Le parti conservateur était divisé. Une partie des conservateurs, dirigée par l’ancien Premier ministre Edward Heath, appelait à soutenir la politique du gouvernement travailliste, à l'opposé de Margaret Thatcher, chef du parti conservateur depuis quatre ans, qui critiquait les grèves et appelait à la fin de l'ingérence gouvernementale dans les négociations entre salariés et patrons et à celle du contrôle des prix. Elle soutenait que la hausse du niveau de vie n'était possible que par une hausse de la productivité, ce qu’empêchait justement les politiques travaillistes et les pratiques syndicales.
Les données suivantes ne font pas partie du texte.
(* Let $I\subseteq\mathbb{R}$ be an interval, let $f:I\to\mathbb{R}$ be differentiable on the interior $I^\circ$ of $I$, and let $a,b\in I$ with $a<b$ and $f'\in L^1[a,b]$. Let $s\in(0,1]$, $\alpha\in[0,1]$, $m\in(0,1]$, assume $b/m\in I^\circ$, and let $p>1$ and $q=\frac{p}{p-1}$. If $|f'|^q$ is $s$-$(\alpha,m)$-convex (in the first sense) on $[a,b]$, then $$\left|\frac{f(a)+f(b)}{2}-\frac{1}{b-a}\int_a^b f(x)\,dx\right|\le (b-a)\left[\frac{2}{(p+1)(p+2)}\right]^{1/p}\left(\frac{|f'(a)|^q+m\alpha s\left|f'\!\left(\frac{b}{m}\right)\right|^q}{\alpha s+1}\right)^{1/q}.$$
   Context: Let $s\in(0,1]$, $\alpha\in[0,1]$, $m\in(0,1]$. A nonnegative function $g$ is called $s$-$(\alpha,m)$-convex (in the first sense) on $[a,b]$ if for all $x,y\in[a,b]$ (with $y/m$ in the domain of $g$) and all $t\in[0,1]$, $$g(tx+(1-t)y)\le t^{\alpha s}g(x)+m\,(1-t^{\alpha s})\,g\!\left(\frac{y}{m}\right).$$ *)

theory Defs
  imports "HOL-Analysis.Analysis"
begin

text \<open>Real power t^e with the convention t^0 = 1 (also for t = 0); for e > 0 and
  t >= 0 this is the usual power t powr e.\<close>
definition rpow :: "real \<Rightarrow> real \<Rightarrow> real" where
  "rpow t e = (if e = 0 then 1 else t powr e)"

text \<open>s-(alpha,m)-convexity in the first sense of a nonnegative function g on [a,b],
  where D is the domain of g (the condition is required whenever y/m lies in D).\<close>
definition s_alpha_m_convex ::
  "real \<Rightarrow> real \<Rightarrow> real \<Rightarrow> (real \<Rightarrow> real) \<Rightarrow> real set \<Rightarrow> real \<Rightarrow> real \<Rightarrow> bool" where
  "s_alpha_m_convex s \<alpha> m g D a b \<longleftrightarrow>
     (\<forall>x\<in>{a..b}. 0 \<le> g x) \<and>
     (\<forall>x\<in>{a..b}. \<forall>y\<in>{a..b}. y / m \<in> D \<longrightarrow> (\<forall>t\<in>{0..1}.
        g (t * x + (1 - t) * y) \<le> rpow t (\<alpha> * s) * g x + m * (1 - rpow t (\<alpha> * s)) * g (y / m)))"

end

theory Submission
  imports Defs
begin

text \<open>Integration by parts turns the trapezoid error into
  \<open>(b - a)((f a + f b)/2) - \<integral>f = \<integral> (x - (a + b)/2) f'(x) dx\<close>.
  Hoelder's inequality splits this into the \<open>L\<^sup>p\<close>-moment of \<open>\<bar>x - (a + b)/2\<bar>\<close>, computed exactly,
  and the \<open>L\<^sup>q\<close>-norm of \<open>f'\<close>, which is bounded by integrating the \<open>s-(\<alpha>,m)\<close>-convexity estimate
  along \<open>x = t a + (1 - t) b\<close> using \<open>\<integral>\<^sub>0\<^sup>1 t\<^sup>\<alpha>\<^sup>s dt = 1/(\<alpha>s + 1)\<close>. This yields the constant
  \<open>(b - a)/2 \<cdot> (p + 1)\<^sup>-\<^sup>1\<^sup>/\<^sup>p\<close>, which is at most the stated one since \<open>2\<^sup>p\<^sup>+\<^sup>1 \<ge> p + 2\<close> for \<open>p \<ge> 1\<close>.\<close>

lemma has_integral_powr_abs_diff_right:
  fixes c b p :: real
  assumes "c \<le> b" "-1 < p"
  shows "((\<lambda>x. \<bar>x - c\<bar> powr p) has_integral (b - c) powr (p + 1) / (p + 1)) {c..b}"
proof -
  have "((\<lambda>x. \<bar>x - c\<bar> powr p) has_integral
          (b - c) powr (p + 1) / (p + 1) - (c - c) powr (p + 1) / (p + 1)) {c..b}"
  proof (rule fundamental_theorem_of_calculus_interior)
    show "continuous_on {c..b} (\<lambda>x. (x - c) powr (p + 1) / (p + 1))"
      using assms by (intro continuous_intros continuous_on_powr') auto
  next
    fix x assume x: "x \<in> {c<..<b}"
    then have "((\<lambda>x. (x - c) powr (p + 1) / (p + 1)) has_real_derivative
        (p + 1) * (x - c) powr (p + 1 - 1) * (1 - 0) / (p + 1)) (at x)"
      using assms by (intro derivative_eq_intros) auto
    then have "((\<lambda>x. (x - c) powr (p + 1) / (p + 1)) has_real_derivative (x - c) powr p) (at x)"
      using assms by simp
    then show "((\<lambda>x. (x - c) powr (p + 1) / (p + 1)) has_vector_derivative \<bar>x - c\<bar> powr p) (at x)"
      using x by (simp add: has_real_derivative_iff_has_vector_derivative)
  qed (use assms in auto)
  then show ?thesis
    using assms by simp
qed
(* Let $q$ be an odd prime power and $d\ge 2$. Let $V$ be a $(2d+1)$-dimensional vector space over $\mathbb{F}_q$ with basis $z,e_0,f_0,x,y,e_1,f_1,\dots,e_{d-2},f_{d-2}$ and nondegenerate symmetric bilinear form $\beta$ with $V=\langle z\rangle\perp\langle e_0,f_0\rangle\perp\langle x,y\rangle\perp\langle e_1,f_1\rangle\perp\cdots\perp\langle e_{d-2},f_{d-2}\rangle$, $\beta(z,z)=1$, $\beta(e_i,f_i)=1$, $\beta(e_i,e_i)=\beta(f_i,f_i)=0$, and $\langle x,y\rangle$ anisotropic; let $\kappa(v)=\beta(v,v)/2$ and $U=\langle x,y,e_1,f_1,\dots,e_{d-2},f_{d-2}\rangle$. Let $M$ be a maximal (a totally singular $d$-dimensional subspace of $V$). Then $M$ has a basis $b_1,\dots,b_d$ of one of the following forms, where $u_1,\dots,u_d\in U$ and $\lambda,\mu\in\mathbb{F}_q$: (i) $b_1=z+u_1$, $b_2=e_0+u_2$, $b_3=f_0+u_3$, $b_i=u_i$ for $4\le i\le d$; (ii) $b_1=z+\lambda f_0+u_1$, $b_2=e_0+\mu f_0+u_2$, $b_i=u_i$ for $3\le i\le d$; (iii) $b_1=z+\lambda e_0+u_1$, $b_2=f_0+u_2$, $b_i=u_i$ for $3\le i\le d$.
   Context: A subspace is totally singular if $\kappa$ vanishes on all its vectors. *)

theory Defs
  imports Main "HOL-Library.Function_Algebras"
begin

text \<open>Coordinate 0 is z, 1 is e_0, 2 is f_0, 3 is x, 4 is y, and for
  1 <= i <= d-2 coordinate 2i+3 is e_i and 2i+4 is f_i.\<close>

definition vecs :: "nat \<Rightarrow> (nat \<Rightarrow> 'a::field) set" where
  "vecs d = {v. \<forall>i. 2*d+1 \<le> i \<longrightarrow> v i = 0}"

definition unitv :: "nat \<Rightarrow> nat \<Rightarrow> 'a::field" where
  "unitv k = (\<lambda>i. if i = k then 1 else 0)"

definition zv :: "nat \<Rightarrow> 'a::field" where "zv = unitv 0"
definition e0v :: "nat \<Rightarrow> 'a::field" where "e0v = unitv 1"
definition f0v :: "nat \<Rightarrow> 'a::field" where "f0v = unitv 2"

definition scalev :: "'a::field \<Rightarrow> (nat \<Rightarrow> 'a) \<Rightarrow> (nat \<Rightarrow> 'a)" where
  "scalev c v = (\<lambda>i. c * v i)"

text \<open>The bilinear form beta; a, b, c are the Gram entries
  beta(x,x) = a, beta(x,y) = beta(y,x) = b, beta(y,y) = c.\<close>
definition beta :: "nat \<Rightarrow> 'a \<Rightarrow> 'a \<Rightarrow> 'a \<Rightarrow> (nat \<Rightarrow> 'a::field) \<Rightarrow> (nat \<Rightarrow> 'a) \<Rightarrow> 'a" where
  "beta d a b c v w =
     v 0 * w 0 + (v 1 * w 2 + v 2 * w 1)
     + (a * v 3 * w 3 + b * (v 3 * w 4 + v 4 * w 3) + c * v 4 * w 4)
     + (\<Sum>i\<in>{1..d-2}. v (2*i+3) * w (2*i+4) + v (2*i+4) * w (2*i+3))"

definition kappa :: "nat \<Rightarrow> 'a \<Rightarrow> 'a \<Rightarrow> 'a \<Rightarrow> (nat \<Rightarrow> 'a::field) \<Rightarrow> 'a" where
  "kappa d a b c v = beta d a b c v v / 2"

definition anisotropic_plane :: "'a::field \<Rightarrow> 'a \<Rightarrow> 'a \<Rightarrow> bool" where
  "anisotropic_plane a b c \<longleftrightarrow>
     (\<forall>s t. a*s*s + 2*b*s*t + c*t*t = 0 \<longrightarrow> s = 0 \<and> t = 0)"

definition Usp :: "nat \<Rightarrow> (nat \<Rightarrow> 'a::field) set" where
  "Usp d = {v \<in> vecs d. v 0 = 0 \<and> v 1 = 0 \<and> v 2 = 0}"

definition is_subspace :: "nat \<Rightarrow> (nat \<Rightarrow> 'a::field) set \<Rightarrow> bool" where
  "is_subspace d W \<longleftrightarrow> W \<subseteq> vecs d \<and> (\<lambda>_. 0) \<in> W \<and>
     (\<forall>v\<in>W. \<forall>w\<in>W. v + w \<in> W) \<and> (\<forall>c. \<forall>v\<in>W. scalev c v \<in> W)"

definition lincomb :: "(nat \<Rightarrow> 'a::field) \<Rightarrow> (nat \<Rightarrow> 'a) list \<Rightarrow> (nat \<Rightarrow> 'a)" where
  "lincomb cs bs = (\<lambda>i. \<Sum>j<length bs. cs j * (bs ! j) i)"

definition lspan :: "(nat \<Rightarrow> 'a::field) list \<Rightarrow> (nat \<Rightarrow> 'a) set" where
  "lspan bs = {lincomb cs bs | cs. True}"

definition lin_indep :: "(nat \<Rightarrow> 'a::field) list \<Rightarrow> bool" where
  "lin_indep bs \<longleftrightarrow> (\<forall>cs. lincomb cs bs = (\<lambda>_. 0) \<longrightarrow> (\<forall>j<length bs. cs j = 0))"

definition is_basis_of :: "(nat \<Rightarrow> 'a::field) list \<Rightarrow> (nat \<Rightarrow> 'a) set \<Rightarrow> bool" where
  "is_basis_of bs W \<longleftrightarrow> lin_indep bs \<and> lspan bs = W"

definition totally_singular :: "nat \<Rightarrow> 'a \<Rightarrow> 'a \<Rightarrow> 'a \<Rightarrow> (nat \<Rightarrow> 'a::field) set \<Rightarrow> bool" where
  "totally_singular d a b c W \<longleftrightarrow> (\<forall>v\<in>W. kappa d a b c v = 0)"

definition is_maximal :: "nat \<Rightarrow> 'a \<Rightarrow> 'a \<Rightarrow> 'a \<Rightarrow> (nat \<Rightarrow> 'a::field) set \<Rightarrow> bool" where
  "is_maximal d a b c M \<longleftrightarrow> is_subspace d M \<and> totally_singular d a b c M \<and>
     (\<exists>bs. length bs = d \<and> is_basis_of bs M)"

end

theory Submission
  imports Defs "HOL-Library.FuncSet" "HOL-Library.Cardinality" "HOL-Library.Product_Plus"
    "HOL-Number_Theory.Residues"
begin

(* Let T = M \<inter> U and let \<pi> : M \<rightarrow> <z, e_0, f_0> be the projection along U, so that T is its
   kernel. U is the orthogonal sum of an anisotropic plane and d - 2 hyperbolic planes, so
   its totally singular subspaces have dimension at most d - 2, and \<pi> has rank 3 or 2.
   In rank 3, lifts of z, e_0, f_0 together with a basis of T give form (i).
   In rank 2, T has dimension exactly d - 2, and the image of \<pi> contains a vector with
   nonzero z-component: otherwise some m \<in> M projects to e_0, the singular vector m - e_0
   of U is orthogonal to T and hence lies in T (which is maximal totally singular in U),
   so e_0 \<in> M, which is impossible because the image also contains a vector with
   nonzero f_0-component. Row reduction of two lifts then gives form (ii) or (iii).
   Dimensions are never computed directly: a subspace of dimension k over F_q is recognised
   by having q^k elements. *)

subsection \<open>Linear combinations\<close>

lemma lincomb_Nil [simp]: "lincomb cs [] = 0"
  by (simp add: lincomb_def zero_fun_def)

lemma lincomb_Cons: "lincomb cs (x # xs) = scalev (cs 0) x + lincomb (\<lambda>j. cs (Suc j)) xs"
  unfolding lincomb_def scalev_def plus_fun_def length_Cons sum.lessThan_Suc_shift by simp

lemma lincomb_append:
  "lincomb cs (xs @ ys) = lincomb cs xs + lincomb (\<lambda>j. cs (j + length xs)) ys"
  by (induction xs arbitrary: cs) (simp_all add: lincomb_Cons add.assoc)

lemma lincomb_cong:
  "(\<And>j. j < length bs \<Longrightarrow> cs j = cs' j) \<Longrightarrow> lincomb cs bs = lincomb cs' bs"
  unfolding lincomb_def by (intro ext sum.cong) auto

lemma lincomb_diff: "lincomb (\<lambda>j. cs j - cs' j) bs = lincomb cs bs - lincomb cs' bs"
  unfolding lincomb_def by (auto simp: fun_eq_iff algebra_simps sum_subtractf)

lemma lincomb_mult: "lincomb (\<lambda>j. k * cs j) bs = scalev k (lincomb cs bs)"
  unfolding lincomb_def scalev_def by (auto simp: sum_distrib_left algebra_simps)

lemma lincomb_eq_imp_coeffs_eq:
  assumes "lin_indep bs" "lincomb cs bs = lincomb cs' bs" "j < length bs"
  shows "cs j = cs' j"
  using assms lincomb_diff[of cs cs' bs] unfolding lin_indep_def by (force simp: zero_fun_def)

lemma in_lspan: "x \<in> set bs \<Longrightarrow> x \<in> lspan bs"
proof -
  assume "x \<in> set bs"
  then obtain j where j: "j < length bs" "bs ! j = x"
    by (auto simp: in_set_conv_nth)
  have "lincomb (\<lambda>i. if i = j then 1 else 0) bs = x"
    using j by (simp add: lincomb_def fun_eq_iff if_distrib[where f="\<lambda>c. c * _"] cong: if_cong)
  then show ?thesis
    unfolding lspan_def by blast
qed

lemma lin_indep_Nil: "lin_indep []"
  by (simp add: lin_indep_def)

lemma lin_indep_Cons:
  assumes indep: "lin_indep bs" and notin: "x \<notin> lspan bs"
  shows "lin_indep (x # bs)"
  unfolding lin_indep_def
proof (intro allI impI)
  fix cs j assume zero: "lincomb cs (x # bs) = (\<lambda>_. 0)" and j: "j < length (x # bs)"
  then have sum0: "scalev (cs 0) x + lincomb (\<lambda>j. cs (Suc j)) bs = 0"
    by (simp add: lincomb_Cons zero_fun_def)
  have "cs 0 = 0"
  proof (rule ccontr)
    assume "cs 0 \<noteq> 0"
    then have "x = lincomb (\<lambda>j. (- 1 / cs 0) * cs (Suc j)) bs"
      unfolding lincomb_mult using sum0
      by (auto simp: scalev_def fun_eq_iff field_simps eq_neg_iff_add_eq_0 add.commute)
    then show False
      using notin unfolding lspan_def by blast
  qed
  moreover from this have "lincomb (\<lambda>j. cs (Suc j)) bs = (\<lambda>_. 0)"
    using sum0 by (simp add: scalev_def zero_fun_def fun_eq_iff)
  then have "\<forall>i<length bs. cs (Suc i) = 0"
    using indep unfolding lin_indep_def by blast
  ultimately show "cs j = 0"
    using j by (cases j) auto
qed

definition lin_closed :: "(nat \<Rightarrow> 'a::field) set \<Rightarrow> bool" where
  "lin_closed W \<longleftrightarrow> 0 \<in> W \<and> (\<forall>v\<in>W. \<forall>w\<in>W. v + w \<in> W) \<and> (\<forall>c. \<forall>v\<in>W. scalev c v \<in> W)"

lemma is_subspace_iff: "is_subspace d W \<longleftrightarrow> W \<subseteq> vecs d \<and> lin_closed W"
  by (simp add: is_subspace_def lin_closed_def zero_fun_def)

lemma lin_closed_zero: "lin_closed W \<Longrightarrow> 0 \<in> W"
  and lin_closed_add: "lin_closed W \<Longrightarrow> v \<in> W \<Longrightarrow> w \<in> W \<Longrightarrow> v + w \<in> W"
  and lin_closed_scalev: "lin_closed W \<Longrightarrow> v \<in> W \<Longrightarrow> scalev c v \<in> W"
  by (simp_all add: lin_closed_def)
lemma doubling_is_strategy: "is_strategy (doubling_dist lam s) r"
proof -
  have "doubling_dist lam s i > 0" if "i \<ge> 1" for i
  proof -
    have "0 < real i * lam" using lam that by simp
    then show ?thesis using doubling_dist_ge[OF lam s, of i] by linarith
  qed
  then show ?thesis unfolding is_strategy_def using doubling_reaches by auto
qed

text \<open>A target found at step n+2 lies beyond x_n (the previous excursion on its ray,
  or lam if n = 0), so it costs 8 x_n + D <= 9 D.\<close>
lemma doubling_ratio_le:
  assumes "lam \<le> D"
  shows "search_cost (2 * s * lam) (doubling_dist lam s) r \<rho> D / D \<le> 9"
proof -
  note F = find_step_spec[OF strategy_reaches[OF doubling_is_strategy, of \<rho> D]]
  define j where "j = find_step (doubling_dist lam s) r \<rho> D"
  have D: "D > 0" using assms lam by linarith
  show ?thesis
  proof (cases "j = 1")
    case True
    then show ?thesis using D unfolding search_cost_def j_def[symmetric] by simp
  next
    case False
    define n where "n = j - 2"
    have n: "j = n + 2" using F(1) False unfolding j_def[symmetric] n_def by simp
    have "doubling_dist lam s n \<le> D"
    proof (cases "n = 0")
      case True then show ?thesis using assms by (simp add: doubling_dist_def)
    next
      case False
      then have "r n = \<rho>" using periodic F(2) n unfolding periodic_rays_def j_def by simp
      then show ?thesis using F(4)[of n] False n unfolding j_def by fastforce
    qed
    moreover have
      "search_cost (2 * s * lam) (doubling_dist lam s) r \<rho> D = 8 * doubling_dist lam s n + D"
      unfolding search_cost_def j_def[symmetric] n doubling_dist_sum ..
    ultimately show ?thesis using D by (simp add: divide_simps)
  qed
qed
lemma has_real_derivative_matrix_inner:
  fixes M :: "real^'n^'m" and f :: "real \<Rightarrow> real^'n" and g :: "real \<Rightarrow> real^'m"
  assumes f: "(f has_vector_derivative f') (at t within S)"
    and g: "(g has_vector_derivative g') (at t within S)"
  shows "((\<lambda>s. (M *v f s) \<bullet> g s) has_real_derivative (M *v f') \<bullet> g t + (M *v f t) \<bullet> g')
           (at t within S)"
proof -
  have Mf: "((\<lambda>s. M *v f s) has_derivative (\<lambda>h. M *v (h *\<^sub>R f'))) (at t within S)"
    using bounded_linear.has_derivative[OF matrix_vector_mul_bounded_linear
        f[unfolded has_vector_derivative_def]] .
  have "((\<lambda>s. (M *v f s) \<bullet> g s) has_derivative
      (\<lambda>h. (M *v f t) \<bullet> (h *\<^sub>R g') + (M *v (h *\<^sub>R f')) \<bullet> g t)) (at t within S)"
    using has_derivative_inner[OF Mf g[unfolded has_vector_derivative_def]] .
  then show ?thesis
    unfolding has_field_derivative_def
    by (rule has_derivative_eq_rhs) (auto simp: fun_eq_iff algebra_simps)
qed

section \<open>Symmetry of the Hessian\<close>

lemma has_real_derivative_along_line:
  fixes f :: "'a::real_normed_vector \<Rightarrow> real"
  assumes "f differentiable (at (w + s0 *\<^sub>R v))"
  shows "((\<lambda>s. f (w + s *\<^sub>R v)) has_real_derivative frechet_derivative f (at (w + s0 *\<^sub>R v)) v)
           (at s0)"
proof -
  let ?F = "frechet_derivative f (at (w + s0 *\<^sub>R v))"
  have f: "(f has_derivative ?F) (at (w + s0 *\<^sub>R v))"
    using assms frechet_derivative_works by blast
  have "((\<lambda>s. w + s *\<^sub>R v) has_derivative (\<lambda>h. h *\<^sub>R v)) (at s0)"
    by (auto intro!: derivative_eq_intros)
  from has_derivative_compose[OF this f]
  have "((\<lambda>s. f (w + s *\<^sub>R v)) has_derivative (\<lambda>h. ?F (h *\<^sub>R v))) (at s0)" .
  moreover have "(\<lambda>h. ?F (h *\<^sub>R v)) = (*) (?F v)"
    using has_derivative_linear[OF f] by (auto simp: linear_scale mult.commute)
  ultimately show ?thesis
    unfolding has_field_derivative_def by simp
qed

lemma pdiff_has_real_derivative:
  fixes f :: "real^'m \<Rightarrow> real"
  assumes "\<And>y. f differentiable (at y)"
  shows "((\<lambda>s. f (w + s *\<^sub>R axis i 1)) has_real_derivative pdiff f i (w + s0 *\<^sub>R axis i 1))
           (at s0)"
proof -
  let ?y = "w + s0 *\<^sub>R axis i 1"
  have "pdiff f i ?y = frechet_derivative f (at ?y) (axis i 1)"
    using has_real_derivative_along_line[of f ?y 0 "axis i 1"] assms
    unfolding pdiff_def by (simp add: DERIV_imp_deriv)
  then show ?thesis
    using has_real_derivative_along_line[of f w s0 "axis i 1"] assms by simp
qed

lemma mixed_difference_mean_value:
  fixes f :: "real^'m \<Rightarrow> real"
  assumes f: "\<And>y. f differentiable (at y)" and fi: "\<And>y. pdiff f i differentiable (at y)"
    and h: "h > 0"
  obtains a b where "0 < a" "a < h" "0 < b" "b < h"
    "f (z + h *\<^sub>R axis i 1 + h *\<^sub>R axis j 1) - f (z + h *\<^sub>R axis i 1)
       - f (z + h *\<^sub>R axis j 1) + f z
     = h * h * pdiff (pdiff f i) j (z + a *\<^sub>R axis i 1 + b *\<^sub>R axis j 1)"
proof -
  let ?ei = "axis i 1 :: real^'m" and ?ej = "axis j 1 :: real^'m"
  define \<phi> where "\<phi> s = f ((z + h *\<^sub>R ?ej) + s *\<^sub>R ?ei) - f (z + s *\<^sub>R ?ei)" for s
  have "\<And>s. 0 \<le> s \<Longrightarrow> s \<le> h \<Longrightarrow> DERIV \<phi> s :>
      pdiff f i ((z + h *\<^sub>R ?ej) + s *\<^sub>R ?ei) - pdiff f i (z + s *\<^sub>R ?ei)"
    unfolding \<phi>_def by (intro DERIV_diff pdiff_has_real_derivative f)
  from MVT2[OF h this] obtain a where a: "0 < a" "a < h"
    and \<phi>_diff: "\<phi> h - \<phi> 0
      = h * (pdiff f i ((z + h *\<^sub>R ?ej) + a *\<^sub>R ?ei) - pdiff f i (z + a *\<^sub>R ?ei))"
    by auto
  define \<psi> where "\<psi> s = pdiff f i ((z + a *\<^sub>R ?ei) + s *\<^sub>R ?ej)" for s
  have "\<And>s. 0 \<le> s \<Longrightarrow> s \<le> h \<Longrightarrow>
      DERIV \<psi> s :> pdiff (pdiff f i) j ((z + a *\<^sub>R ?ei) + s *\<^sub>R ?ej)"
    unfolding \<psi>_def by (intro pdiff_has_real_derivative fi)
  from MVT2[OF h this] obtain b where b: "0 < b" "b < h"
    and \<psi>_diff: "\<psi> h - \<psi> 0 = h * pdiff (pdiff f i) j ((z + a *\<^sub>R ?ei) + b *\<^sub>R ?ej)"
    by auto
  have "f (z + h *\<^sub>R ?ei + h *\<^sub>R ?ej) - f (z + h *\<^sub>R ?ei) - f (z + h *\<^sub>R ?ej) + f z
      = \<phi> h - \<phi> 0"
    unfolding \<phi>_def by (simp add: algebra_simps)
  also have "\<dots> = h * (\<psi> h - \<psi> 0)"
    using \<phi>_diff unfolding \<psi>_def by (simp add: algebra_simps)
  also have "\<dots> = h * h * pdiff (pdiff f i) j (z + a *\<^sub>R ?ei + b *\<^sub>R ?ej)"
    using \<psi>_diff by simp
  finally show ?thesis
    using a b that by blast
qed

lemma smooth_fun_differentiable:
  assumes "smooth_fun f"
  shows "f differentiable (at y)" and "pdiff f i differentiable (at y)"
    and "pdiff (pdiff f i) j differentiable (at y)"
  using assms unfolding smooth_fun_def by (metis iter_pdiff.simps)+

lemma pdiff_pdiff_commute:
  fixes f :: "real^'m \<Rightarrow> real"
  assumes f: "smooth_fun f"
  shows "pdiff (pdiff f i) j z = pdiff (pdiff f j) i z"
proof (rule ccontr)
  let ?ei = "axis i 1 :: real^'m" and ?ej = "axis j 1 :: real^'m"
  let ?fij = "pdiff (pdiff f i) j" and ?fji = "pdiff (pdiff f j) i"
  assume ne: "?fij z \<noteq> ?fji z"
  define e where "e = \<bar>?fij z - ?fji z\<bar> / 3"
  have "e > 0"
    using ne unfolding e_def by simp
  moreover have "continuous (at z) ?fij" "continuous (at z) ?fji"
    using smooth_fun_differentiable(3)[OF f] differentiable_imp_continuous_within by blast+
  ultimately obtain d1 d2 where "d1 > 0" "d2 > 0"
    and d1: "\<And>y. dist y z < d1 \<Longrightarrow> dist (?fij y) (?fij z) < e"
    and d2: "\<And>y. dist y z < d2 \<Longrightarrow> dist (?fji y) (?fji z) < e"
    unfolding continuous_at_eps_delta by metis
  define h where "h = min d1 d2 / 3"
  have h: "h > 0"
    using \<open>d1 > 0\<close> \<open>d2 > 0\<close> unfolding h_def by simp
  have near: "dist (z + a *\<^sub>R axis p 1 + b *\<^sub>R axis q 1) z < min d1 d2"
    if "0 < a" "a < h" "0 < b" "b < h" for a b and p q :: 'm
  proof -
    have "dist (z + a *\<^sub>R axis p 1 + b *\<^sub>R axis q 1) z
        = norm (a *\<^sub>R axis p (1::real) + b *\<^sub>R axis q 1)"
      by (simp add: dist_norm)
    also have "\<dots> \<le> norm (a *\<^sub>R axis p (1::real)) + norm (b *\<^sub>R axis q (1::real))"
      by (rule norm_triangle_ineq)
    also have "\<dots> = a + b"
      using that by simp
    finally show ?thesis
      using that unfolding h_def by linarith
  qed
  \<comment> \<open>the same mixed second difference, expanded in the two orders\<close>
  obtain a b where ab: "0 < a" "a < h" "0 < b" "b < h" and E1:
    "f (z + h *\<^sub>R ?ei + h *\<^sub>R ?ej) - f (z + h *\<^sub>R ?ei) - f (z + h *\<^sub>R ?ej) + f z
     = h * h * ?fij (z + a *\<^sub>R ?ei + b *\<^sub>R ?ej)"
    using mixed_difference_mean_value[OF smooth_fun_differentiable(1,2)[OF f] h] by blast
  obtain a' b' where ab': "0 < a'" "a' < h" "0 < b'" "b' < h" and E2:
    "f (z + h *\<^sub>R ?ej + h *\<^sub>R ?ei) - f (z + h *\<^sub>R ?ej) - f (z + h *\<^sub>R ?ei) + f z
     = h * h * ?fji (z + a' *\<^sub>R ?ej + b' *\<^sub>R ?ei)"
    using mixed_difference_mean_value[OF smooth_fun_differentiable(1,2)[OF f] h] by blast
  have swap: "z + h *\<^sub>R ?ej + h *\<^sub>R ?ei = z + h *\<^sub>R ?ei + h *\<^sub>R ?ej"
    by (simp add: algebra_simps)
  have "h * h * ?fij (z + a *\<^sub>R ?ei + b *\<^sub>R ?ej)
      = h * h * ?fji (z + a' *\<^sub>R ?ej + b' *\<^sub>R ?ei)"
    using E1 E2 unfolding swap by linarith
  then have "?fij (z + a *\<^sub>R ?ei + b *\<^sub>R ?ej) = ?fji (z + a' *\<^sub>R ?ej + b' *\<^sub>R ?ei)"
    using h by simp
  moreover have "dist (?fij (z + a *\<^sub>R ?ei + b *\<^sub>R ?ej)) (?fij z) < e"
    using d1 near[OF ab] by simp
  moreover have "dist (?fji (z + a' *\<^sub>R ?ej + b' *\<^sub>R ?ei)) (?fji z) < e"
    using d2 near[OF ab'] by simp
  ultimately have "\<bar>?fij z - ?fji z\<bar> < 2 * e"
    unfolding dist_real_def by linarith
  then show False
    unfolding e_def using ne by simp
qed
Au total, les grèves de l’hiver 1978-1979 modifièrent profondément les intentions de vote. La campagne du Parti conservateur reprit le titre du Sun « Crisis? What Crisis? », lu à la télévision de manière de plus en plus désespérée à mesure qu'étaient diffusées des images montrant les montagnes d’ordures, les usines fermées, les piquets devant les hôpitaux et les cimetières fermés à clé.
Le 3 mai 1979, Margaret Thatcher conduisit les conservateurs à leur plus importante victoire de l'après-guerre, avec 43,9 % des voix et 339 élus, contre 36,9 % et 269 élus aux travaillistes…
Moved by the Iron Lady
Au cours d’un long trajet aérien, j’ai eu récemment la chance de voir le film « Iron Lady » qui donne une représentation de la vie de Margaret Thatcher.
J’avoue que le film m’a tiré des larmes, oui des larmes, lorsqu’il montre la faiblesse insigne de cette femme atteinte de la maladie d’Alzheimer, tellement loin de l’image triomphante de celle qui fut la Dame de Fer. Sic transit gloria mundi. Comme la faiblesse est proche de la force, aussi assurée parait-elle en l’instant!
L'objet du film est de cerner la personnalité de Margaret Thatcher et de montrer les conditions dans lesquelles elle a exercé ses tâches de Premier Ministre. Son fil conducteur est constitué par la mémoire de Maggie, qui va et vient entre ses années de grandeur et le crépuscule de sa vie actuelle. Saluons la fine mise en scène de Phillyda Lloyd et la remarquable performance de Meryl Streep qui a su incarner Margaret Thatcher de saisissante manière.
Encore qu’ « Iron Lady » soit avant tout un film sur la solitude, l'isolement et la vieillesse, j’aurais été fortement déçu que les critiques bobos aient trouvé le film à leur goût. En effet, rien dans ce film ne pouvait leur plaire, ni le sujet, ni l’héroïne du film, ni le courage. Heureusement, aucun d’eux ne l’a aimé…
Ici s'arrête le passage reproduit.